Fig. 2. Specific interaction of the 5'-flanking region of the mouse HGF gene with a negative regulatory activity in nuclear protein extracts. The 154-bp DNA fragment that exerted negative regulatory function was labeled with 32P and incubated with nuclear protein extract (NPE) from NIH3T3 cells. The binding reactions were performed at room temperature for 20 min in the presence of the nonspecific competitor poly(dI-dC). Several double-stranded synthetic oligonucleotide sequences including HERE1, GRE, CRE, TIE, AP1, IL-6RE, NF-IL6, and HERE2 were added to the reaction mixture to compete for binding as indicated. C, binding complex; F, free 32P-labeled DNA probe.
[View Larger Version of this Image (76K GIF file)]



Fig. 3. Synthetic mouse HERE1 sequence confers repression on a heterologous promoter. Shown on the left is the diagrammatic representation of the chimeric CAT constructs. Synthetic oligonucleotides corresponding to the mouse HERE1 and HERE2 were cloned into a position upstream of the SV40 promoter (SV). These constructs were transiently transfected into NIH3T3 cells followed by CAT assay as described under "Experimental Procedures." Depicted on the right is a graphic representation of relative promoter activity as determined by CAT assays. Each bar represents the mean of three independent transfection experiments. The nucleotide sequences of wild type ERE (VitA2ERE), mouse HERE1, and mouse HERE2 are shown for comparison.
[View Larger Version of this Image (27K GIF file)]

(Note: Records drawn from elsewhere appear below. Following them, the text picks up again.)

(* Let G be the groupoid generated by x, y, z whose elements fall into blocks indexed by the
   semilattice {x, y, z, x\<and>y, x\<and>z, 0}, the block map being a homomorphism; each block is a flat
   semilattice (a a = a, a b = bottom of the block). Semilattices satisfy every regular identity,
   so G lies in V \<circ> S. Identifying xy with xz is a homomorphism, so if V \<circ> S were a variety,
   the image H would lie in V \<circ> S. But in a member of V \<circ> S, commutativity of the semilattice
   quotient turns xy = xz into yx \<theta> xy = xz \<theta> zx, and the \<theta>-class of yx is commutative since
   V is; in H, however, (yx)(zx) \<noteq> (zx)(yx). *)

definition semilattice_on :: "'a set \<Rightarrow> ('a \<Rightarrow> 'a \<Rightarrow> 'a) \<Rightarrow> bool" where
  "semilattice_on A f \<longleftrightarrow>
     (\<forall>a\<in>A. \<forall>b\<in>A. f a b \<in> A) \<and> (\<forall>a\<in>A. \<forall>b\<in>A. f a b = f b a) \<and>
     (\<forall>a\<in>A. \<forall>b\<in>A. \<forall>c\<in>A. f (f a b) c = f a (f b c)) \<and> (\<forall>a\<in>A. f a a = a)"

lemma eval_closed:
  assumes "\<forall>a\<in>A. \<forall>b\<in>A. f a b \<in> A" and "\<forall>i. v i \<in> A"
  shows "eval f v t \<in> A"
  using assms by (induction t) auto

lemma semilattice_on_closed: "semilattice_on A f \<Longrightarrow> a \<in> A \<Longrightarrow> b \<in> A \<Longrightarrow> f a b \<in> A"
  unfolding semilattice_on_def by blast

lemma semilattice_on_commute: "semilattice_on A f \<Longrightarrow> a \<in> A \<Longrightarrow> b \<in> A \<Longrightarrow> f a b = f b a"
  unfolding semilattice_on_def by blast

lemma semilattice_on_assoc:
  "semilattice_on A f \<Longrightarrow> a \<in> A \<Longrightarrow> b \<in> A \<Longrightarrow> c \<in> A \<Longrightarrow> f (f a b) c = f a (f b c)"
  unfolding semilattice_on_def by blast

lemma semilattice_on_idem: "semilattice_on A f \<Longrightarrow> a \<in> A \<Longrightarrow> f a a = a"
  unfolding semilattice_on_def by blast

lemma eval_absorbs_var:
  assumes sl: "semilattice_on A f" and v: "\<forall>i. v i \<in> A" and "i \<in> vars t"
  shows "f (eval f v t) (v i) = eval f v t"
  using \<open>i \<in> vars t\<close>
proof (induction t)
  case (Var j)
  then show ?case using semilattice_on_idem[OF sl] v by simp
next
  case (Op s u)
  have s: "eval f v s \<in> A" and u: "eval f v u \<in> A" and vi: "v i \<in> A"
    using eval_closed[of A f v] semilattice_on_closed[OF sl] v by auto
  note comm = semilattice_on_commute[OF sl] and assoc = semilattice_on_assoc[OF sl]
  show ?case
  proof (cases "i \<in> vars s")
    case True
    have "f (f (eval f v s) (eval f v u)) (v i) = f (f (eval f v u) (eval f v s)) (v i)"
      using comm[OF s u] by simp
    also have "\<dots> = f (eval f v u) (f (eval f v s) (v i))" using assoc[OF u s vi] .
    also have "\<dots> = f (eval f v u) (eval f v s)" using Op.IH(1)[OF True] by simp
    also have "\<dots> = f (eval f v s) (eval f v u)" using comm[OF u s] .
    finally show ?thesis by simp
  next
    case False
    then have "i \<in> vars u" using Op.prems by simp
    then show ?thesis using Op.IH(2) assoc[OF s u vi] by simp
  qed
qed

lemma absorbs_eval:
  assumes sl: "semilattice_on A f" and v: "\<forall>i. v i \<in> A" and "x \<in> A"
    and "\<forall>i\<in>vars t. f x (v i) = x"
  shows "f x (eval f v t) = x"
  using assms(4)
proof (induction t)
  case (Op s u)
  have "eval f v s \<in> A" "eval f v u \<in> A"
    using eval_closed[of A f v] semilattice_on_closed[OF sl] v by auto
  then have "f x (eval f v (Op s u)) = f (f x (eval f v s)) (eval f v u)"
    using semilattice_on_assoc[OF sl \<open>x \<in> A\<close>] by simp
  then show ?case using Op by simp
qed simp

lemma semilattice_on_satisfies_regular:
  assumes sl: "semilattice_on A f" and "regular_identity e"
  shows "satisfies A f e"
  unfolding satisfies_def
proof (intro allI impI)
  fix v :: "nat \<Rightarrow> 'a"
  assume v: "\<forall>i. v i \<in> A"
  obtain s t where e: "e = (s, t)" by (cases e)
  have vars_eq: "vars s = vars t" using \<open>regular_identity e\<close> e by (simp add: regular_identity_def)
  have s: "eval f v s \<in> A" and t: "eval f v t \<in> A"
    using eval_closed[of A f v] semilattice_on_closed[OF sl] v by auto
  have "f (eval f v s) (eval f v t) = eval f v s"
    using absorbs_eval[OF sl v s] eval_absorbs_var[OF sl v, of _ s] vars_eq by simp
  moreover have "f (eval f v t) (eval f v s) = eval f v t"
    using absorbs_eval[OF sl v t] eval_absorbs_var[OF sl v, of _ t] vars_eq by simp
  ultimately show "eval f v (fst e) = eval f v (snd e)"
    using semilattice_on_commute[OF sl s t] e by simp
qed

lemma in_variety_if_semilattice_on:
  assumes "A \<noteq> {}" and "semilattice_on A f" and "\<forall>e\<in>\<Sigma>. regular_identity e"
  shows "in_variety \<Sigma> A f"
  using assms semilattice_on_satisfies_regular
  unfolding in_variety_def groupoid_def models_def semilattice_on_def by blast

lemma regular_variety_regular_identities:
  assumes "regular_variety TYPE('a) \<Sigma>" and "e \<in> \<Sigma>"
  shows "regular_identity e"
proof -
  have "variety_satisfies TYPE('a) \<Sigma> e"
    using \<open>e \<in> \<Sigma>\<close> by (auto simp: variety_satisfies_def in_variety_def models_def)
  then show ?thesis using assms(1) unfolding regular_variety_def by blast
qed

lemma satisfies_commutativity_iff:
  "satisfies A f commutativity \<longleftrightarrow> (\<forall>a\<in>A. \<forall>b\<in>A. f a b = f b a)"
proof
  assume sat: "satisfies A f commutativity"
  show "\<forall>a\<in>A. \<forall>b\<in>A. f a b = f b a"
  proof (intro ballI)
    fix a b assume "a \<in> A" "b \<in> A"
    define v where "v i = (if i = 0 then a else b)" for i :: nat
    have "\<forall>i. v i \<in> A" using \<open>a \<in> A\<close> \<open>b \<in> A\<close> by (simp add: v_def)
    then have "eval f v (fst commutativity) = eval f v (snd commutativity)"
      using sat unfolding satisfies_def by blast
    then show "f a b = f b a" by (simp add: v_def commutativity_def)
  qed
qed (simp add: satisfies_def commutativity_def)

lemma regular_commutativity: "regular_identity commutativity"
  by (auto simp: regular_identity_def commutativity_def)

lemma eval_hom:
  assumes "\<forall>a\<in>A. \<forall>b\<in>A. h (f a b) = g (h a) (h b)"
    and "\<forall>a\<in>A. \<forall>b\<in>A. f a b \<in> A" and "\<forall>i::nat. w i \<in> A"
  shows "h (eval f w t) = eval g (h \<circ> w) t"
  using assms by (induction t) (simp_all add: eval_closed)

lemma in_variety_hom_image:
  assumes V: "in_variety \<Sigma> A f" and im: "h ` A = B"
    and hom: "\<forall>a\<in>A. \<forall>b\<in>A. h (f a b) = g (h a) (h b)"
  shows "in_variety \<Sigma> B g"
  unfolding in_variety_def models_def
proof (intro conjI ballI)
  have closed: "\<forall>a\<in>A. \<forall>b\<in>A. f a b \<in> A" and "A \<noteq> {}"
    using V by (simp_all add: in_variety_def groupoid_def)
  then show "groupoid B g"
    using im hom by (auto simp: groupoid_def) (metis image_eqI)
  fix e assume "e \<in> \<Sigma>"
  then have sat: "satisfies A f e" using V by (simp add: in_variety_def models_def)
  show "satisfies B g e"
    unfolding satisfies_def
  proof (intro allI impI)
    fix v :: "nat \<Rightarrow> _" assume v: "\<forall>i. v i \<in> B"
    define w where "w i = inv_into A h (v i)" for i
    have w: "\<forall>i. w i \<in> A" and hw: "h \<circ> w = v"
      using v im by (auto simp: w_def inv_into_into f_inv_into_f)
    have "eval f w (fst e) = eval f w (snd e)" using sat w by (simp add: satisfies_def)
    then show "eval g v (fst e) = eval g v (snd e)"
      using eval_hom[OF hom closed w] hw by metis
  qed
qed

lemma congruence_equiv: "congruence A f \<theta> \<Longrightarrow> equiv A \<theta>"
  by (simp add: congruence_def)

lemma congruence_compat:
  "congruence A f \<theta> \<Longrightarrow> (a, b) \<in> \<theta> \<Longrightarrow> (c, d) \<in> \<theta> \<Longrightarrow> (f a c, f b d) \<in> \<theta>"
  by (simp add: congruence_def)

lemma quot_op_class:
  assumes cong: "congruence A f \<theta>" and "a \<in> A" "b \<in> A"
  shows "quot_op f \<theta> (\<theta> `` {a}) (\<theta> `` {b}) = \<theta> `` {f a b}"
proof -
  have eq: "equiv A \<theta>" using cong by (rule congruence_equiv)
  have "(a, SOME x. x \<in> \<theta> `` {a}) \<in> \<theta>" "(b, SOME y. y \<in> \<theta> `` {b}) \<in> \<theta>"
    using someI[of "\<lambda>x. x \<in> \<theta> `` {_}"] equiv_class_self[OF eq] assms(2,3) by blast+
  then have "(f a b, f (SOME x. x \<in> \<theta> `` {a}) (SOME y. y \<in> \<theta> `` {b})) \<in> \<theta>"
    using congruence_compat[OF cong] by blast
  then show ?thesis unfolding quot_op_def by (simp add: equiv_class_eq[OF eq])
qed

lemma quotient_semilattice_on:
  assumes cong: "congruence A f \<theta>"
    and closed: "\<forall>a\<in>A. \<forall>b\<in>A. f a b \<in> A"
    and comm: "\<forall>a\<in>A. \<forall>b\<in>A. (f a b, f b a) \<in> \<theta>"
    and assoc: "\<forall>a\<in>A. \<forall>b\<in>A. \<forall>c\<in>A. (f (f a b) c, f a (f b c)) \<in> \<theta>"
    and idem: "\<forall>a\<in>A. (f a a, a) \<in> \<theta>"
  shows "semilattice_on (A // \<theta>) (quot_op f \<theta>)"
proof -
  have eq: "equiv A \<theta>" using cong by (rule congruence_equiv)
  note q = quot_op_class[OF cong] and cls = eq_equiv_class_iff[OF eq]
  show ?thesis
    unfolding semilattice_on_def
    by (intro conjI ballI; elim quotientE; simp add: q closed quotientI cls comm assoc idem)
qed

lemma kernel_congruence:
  assumes closed: "\<forall>a\<in>A. \<forall>b\<in>A. f a b \<in> A"
    and hom: "\<forall>a\<in>A. \<forall>b\<in>A. c (f a b) = m (c a) (c b)"
  shows "congruence A f {(a, b). a \<in> A \<and> b \<in> A \<and> c a = c b}"
  using assms unfolding congruence_def equiv_def refl_on_def sym_def trans_def by auto

lemma in_maltsev_S_if_semilattice_hom:
  assumes gr: "groupoid A f" and sl: "semilattice m"
    and hom: "\<forall>a\<in>A. \<forall>b\<in>A. c (f a b) = m (c a) (c b)"
    and fibres: "\<forall>a\<in>A. in_variety \<Sigma> {b \<in> A. c b = c a} f"
  shows "in_maltsev_S \<Sigma> A f"
proof -
  interpret m: semilattice m by (rule sl)
  define \<theta> where "\<theta> = {(a, b). a \<in> A \<and> b \<in> A \<and> c a = c b}"
  have closed: "\<forall>a\<in>A. \<forall>b\<in>A. f a b \<in> A" and "A \<noteq> {}" using gr by (simp_all add: groupoid_def)
  have cong: "congruence A f \<theta>" unfolding \<theta>_def using closed hom by (rule kernel_congruence)
  have "semilattice_on (A // \<theta>) (quot_op f \<theta>)"
    using cong closed
  proof (rule quotient_semilattice_on)
    show "\<forall>a\<in>A. \<forall>b\<in>A. (f a b, f b a) \<in> \<theta>"
      using closed hom m.commute by (simp add: \<theta>_def)
    show "\<forall>a\<in>A. \<forall>b\<in>A. \<forall>c\<in>A. (f (f a b) c, f a (f b c)) \<in> \<theta>"
      using closed hom m.assoc by (simp add: \<theta>_def)
    show "\<forall>a\<in>A. (f a a, a) \<in> \<theta>"
      using closed hom m.idem by (simp add: \<theta>_def)
  qed
  then have "semilattice_groupoid (A // \<theta>) (quot_op f \<theta>)"
    unfolding semilattice_groupoid_def using \<open>A \<noteq> {}\<close>
    by (intro in_variety_if_semilattice_on) (auto simp: quotient_def)
  moreover have "\<theta> `` {a} = {b \<in> A. c b = c a}" if "a \<in> A" for a
    using that by (auto simp: \<theta>_def)
  ultimately show ?thesis
    unfolding in_maltsev_S_def using gr cong fibres by auto
qed
(* For $\tau=\tau_F$ one has $\widehat\tau_{\mathbf 0}=1$, and $\widehat\tau_{\mathbf n}=0$ for every $\mathbf n\in\mathbb N_0^d\setminus\{\mathbf 0\}$ that lies in none of the blocks $B_{2m_s}$, $s\in\mathbb N$. The same holds for the coefficients $\widehat{\tau^{\boldsymbol\pi}}_{\mathbf n}$ of $\tau^{\boldsymbol\pi}=\tau_{F^{\boldsymbol\pi}}$ for every sequence $\boldsymbol\pi=(\boldsymbol\pi_s)_{s\in\mathbb N}$ of permutations $\boldsymbol\pi_s$ of $\{0,\dots,2^{m_s}-1\}^d$.
   Context: Fix $d\ge2$. $\mathbb G$ is the dyadic group: sequences $g=(g_k)_{k\ge0}$, $g_k\in\{0,1\}$, coordinatewise addition mod 2, product topology; $\mathbb G^d$ its $d$-th power. For $n\in\mathbb N_0$, $n=\sum_kn_k2^k$, $n_k\in\{0,1\}$. Dyadic interval of rank $k$: $\Delta^{(k)}_m=\{g: g_t=m_{k-1-t},\ 0\le t<k\}$; dyadic cube $\Delta^{(k)}_{\mathbf m}=\prod_l\Delta^{(k)}_{m^l}$. Vector order coordinatewise, $\mathbf 0,\mathbf 1$ constant vectors; $B_k=\{\mathbf n\in\mathbb N_0^d: 2^k\mathbf 1\le\mathbf n<2^{k+1}\mathbf 1\}$. Walsh functions $W_n(g)=\prod_k(-1)^{g_kn_k}$, $W_{\mathbf n}(\mathbf g)=\prod_lW_{n^l}(g^l)$; $W^{(k)}_{\mathbf n\mathbf m}$ is the constant value of $W_{\mathbf n}$ on $\Delta^{(k)}_{\mathbf m}$ ($\mathbf n,\mathbf m<2^k\mathbf 1$); $R_{k\mathbf 1}:=W_{2^k\mathbf 1}$. Quasimeasure: $\tau$ on dyadic cubes with $\tau(\Delta^{(k)}_{\mathbf m})=\sum_{\boldsymbol\sigma\in\{0,1\}^d}\tau(\Delta^{(k+1)}_{2\mathbf m+\boldsymbol\sigma})$; $\widehat\tau_{\mathbf n}=\sum_{\mathbf m<2^k\mathbf 1}W^{(k)}_{\mathbf n\mathbf m}\tau(\Delta^{(k)}_{\mathbf m})$ for $\mathbf n<2^k\mathbf 1$. For nonempty closed $E$, $\tau_E$ is the unique nonnegative quasimeasure with $\tau_E(\mathbb G^d)=1$, $\tau_E(\Delta)=0$ iff $\Delta\cap E=\emptyset$, splitting the value of a cube meeting $E$ equally among its $2^d$ children that meet $E$. Let $m_1=0$, $m_{s+1}=2(2m_s+1)$. $F_s=\bigcup_{\mathbf m,\mathbf m'<2^{m_s}\mathbf 1}\{\mathbf g\in\Delta^{(2m_s)}_{2^{m_s}\mathbf m+\mathbf m'}: R_{2m_s\mathbf 1}(\mathbf g)=W^{(m_s)}_{\mathbf m\mathbf m'}\}$, $F=\bigcap_sF_s$; $F^{\boldsymbol\pi}_s$ is defined the same way with $W^{(m_s)}_{\boldsymbol\pi_s(\mathbf m)\,\mathbf m'}$ in place of $W^{(m_s)}_{\mathbf m\mathbf m'}$, and $F^{\boldsymbol\pi}=\bigcap_sF^{\boldsymbol\pi}_s$. *)

theory Defs
  imports Complex_Main
begin

text \<open>Points of the dyadic group G are maps nat => bool (g_k = 1 iff g k);
  points of G^d are maps 'd => nat => bool, where 'd is a finite index type
  with CARD('d) = d.\<close>

definition dint :: "nat \<Rightarrow> nat \<Rightarrow> (nat \<Rightarrow> bool) set" where
  "dint k m = {g. \<forall>t<k. g t = bit m (k - 1 - t)}"

definition dcube :: "nat \<Rightarrow> ('d \<Rightarrow> nat) \<Rightarrow> ('d \<Rightarrow> nat \<Rightarrow> bool) set" where
  "dcube k m = {g. \<forall>l. g l \<in> dint k (m l)}"

definition dbox :: "nat \<Rightarrow> ('d \<Rightarrow> nat) set" where
  "dbox k = {m. \<forall>l. m l < 2 ^ k}"

definition block :: "nat \<Rightarrow> ('d \<Rightarrow> nat) set" where
  "block k = {n. \<forall>l. 2 ^ k \<le> n l \<and> n l < 2 ^ (k + 1)}"

text \<open>Walsh function W_n(g) = prod_k (-1)^(g_k n_k).\<close>
definition walsh :: "nat \<Rightarrow> (nat \<Rightarrow> bool) \<Rightarrow> real" where
  "walsh n g = (-1) ^ card {t. bit n t \<and> g t}"

definition walshd :: "('d::finite \<Rightarrow> nat) \<Rightarrow> ('d \<Rightarrow> nat \<Rightarrow> bool) \<Rightarrow> real" where
  "walshd n g = (\<Prod>l\<in>UNIV. walsh (n l) (g l))"

text \<open>The point of the dyadic interval of rank k and index m with all
  coordinates t >= k equal to 0 (W_n is constant on the interval when n < 2^k).\<close>
definition dpt :: "nat \<Rightarrow> nat \<Rightarrow> (nat \<Rightarrow> bool)" where
  "dpt k m = (\<lambda>t. t < k \<and> bit m (k - 1 - t))"

definition Wk :: "nat \<Rightarrow> ('d::finite \<Rightarrow> nat) \<Rightarrow> ('d \<Rightarrow> nat) \<Rightarrow> real" where
  "Wk k n m = walshd n (\<lambda>l. dpt k (m l))"

definition Rk :: "nat \<Rightarrow> ('d::finite \<Rightarrow> nat \<Rightarrow> bool) \<Rightarrow> real" where
  "Rk k g = walshd (\<lambda>l. 2 ^ k) g"

text \<open>Fourier coefficient of a quasimeasure tau (given as tau k m = tau(Delta^(k)_m)),
  computed at the least rank k with n < 2^k 1.\<close>
definition fcoef :: "(nat \<Rightarrow> ('d::finite \<Rightarrow> nat) \<Rightarrow> real) \<Rightarrow> ('d \<Rightarrow> nat) \<Rightarrow> real" where
  "fcoef tau n = (let k = (LEAST k. \<forall>l. n l < 2 ^ k) in
      (\<Sum>m\<in>dbox k. Wk k n m * tau k m))"

fun tauE :: "('d \<Rightarrow> nat \<Rightarrow> bool) set \<Rightarrow> nat \<Rightarrow> ('d \<Rightarrow> nat) \<Rightarrow> real" where
  "tauE E 0 m = (if E = {} then 0 else 1)"
| "tauE E (Suc k) m =
     (if dcube (Suc k) m \<inter> E = {} then 0
      else tauE E k (\<lambda>l. m l div 2) /
        real (card {\<sigma>::'d \<Rightarrow> bool.
                dcube (Suc k) (\<lambda>l. 2 * (m l div 2) + of_bool (\<sigma> l)) \<inter> E \<noteq> {}}))"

To assess the functionality of this element, synthetic HERE1 and HERE2 (a mutated version of HERE1, 5'-GGTCAATCTAACC-3') oligonucleotides were linked to the heterologous pCAT promoter reporter gene (Promega), which contains the SV40 promoter, and the promoter activity in three different cell lines using transient transfection and CAT assays was determined. The results are summarized in Fig. 3. HERE1 efficiently repressed the SV40 promoter activity in HepG2, RL95-2, and NIH3T3 cells, whereas HERE2 (which failed to specifically bind to the nuclear protein, Fig. 2, lane 11) did not have any function. These results indicate that HERE1 negatively modulates HGF promoter activity and that this element functions not only in the context of the autologous promoter (Fig. 1) but also in the context of a heterologous promoter (Fig. 3).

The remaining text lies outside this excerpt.